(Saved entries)
════════════════════
(* Let $n\geq 3$ and let $u=u_1u_2\cdots u_N$ be a u-p-cycle or a u-p-word for $n$-permutations. If $u_k=\Diamond$, then $u_{k+n}=\Diamond$ and $u_{k-n}=\Diamond$, where in the case of a u-p-word this is asserted only for those of the indices $k+n$, $k-n$ that lie in $\{1,\ldots,N\}$, and in the case of a u-p-cycle the indices are taken modulo $N$.
   Context: An $n$-permutation is a permutation of $\{1,\ldots,n\}$. For a word $w$ of distinct numbers, $\mathrm{red}(w)$ is obtained by replacing the $i$-th smallest letter by $i$. Let $\Diamond$ be a symbol not among the integers. A word $f=f_1\cdots f_n$ over the positive integers together with $\Diamond$, whose integer letters are pairwise distinct, covers an $n$-permutation $\pi$ if one can substitute real numbers for the occurrences of $\Diamond$ (independently) so that the resulting word has $n$ pairwise distinct entries and reduces to $\pi$; equivalently, $f_i<f_j\iff\pi_i<\pi_j$ for all positions $i,j$ holding integers. A u-p-word (universal partial word) for $n$-permutations is a word $u_1\cdots u_N$, $N\geq n$, over this alphabet containing at least one $\Diamond$, such that every factor $u_i\cdots u_{i+n-1}$ ($1\leq i\leq N-n+1$) has pairwise distinct integer letters and every $n$-permutation is covered by exactly one of these factors. A u-p-cycle is a cyclic word $u_1\cdots u_N$, $N\geq n$, containing at least one $\Diamond$, with indices read modulo $N$, satisfying the same conditions for its $N$ cyclic factors $u_iu_{i+1}\cdots u_{i+n-1}$, $1\leq i\leq N$. *)

theory Defs
  imports Main
begin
════════════════════
→ WHAT YOU NEED TO DO: Give back all the records above exactly as they were written.

→ RESULT OF THE EXERCISE:
(* Let $n\geq 3$ and let $u=u_1u_2\cdots u_N$ be a u-p-cycle or a u-p-word for $n$-permutations. If $u_k=\Diamond$, then $u_{k+n}=\Diamond$ and $u_{k-n}=\Diamond$, where in the case of a u-p-word this is asserted only for those of the indices $k+n$, $k-n$ that lie in $\{1,\ldots,N\}$, and in the case of a u-p-cycle the indices are taken modulo $N$.
   Context: An $n$-permutation is a permutation of $\{1,\ldots,n\}$. For a word $w$ of distinct numbers, $\mathrm{red}(w)$ is obtained by replacing the $i$-th smallest letter by $i$. Let $\Diamond$ be a symbol not among the integers. A word $f=f_1\cdots f_n$ over the positive integers together with $\Diamond$, whose integer letters are pairwise distinct, covers an $n$-permutation $\pi$ if one can substitute real numbers for the occurrences of $\Diamond$ (independently) so that the resulting word has $n$ pairwise distinct entries and reduces to $\pi$; equivalently, $f_i<f_j\iff\pi_i<\pi_j$ for all positions $i,j$ holding integers. A u-p-word (universal partial word) for $n$-permutations is a word $u_1\cdots u_N$, $N\geq n$, over this alphabet containing at least one $\Diamond$, such that every factor $u_i\cdots u_{i+n-1}$ ($1\leq i\leq N-n+1$) has pairwise distinct integer letters and every $n$-permutation is covered by exactly one of these factors. A u-p-cycle is a cyclic word $u_1\cdots u_N$, $N\geq n$, containing at least one $\Diamond$, with indices read modulo $N$, satisfying the same conditions for its $N$ cyclic factors $u_iu_{i+1}\cdots u_{i+n-1}$, $1\leq i\leq N$. *)

theory Defs
  imports Main
begin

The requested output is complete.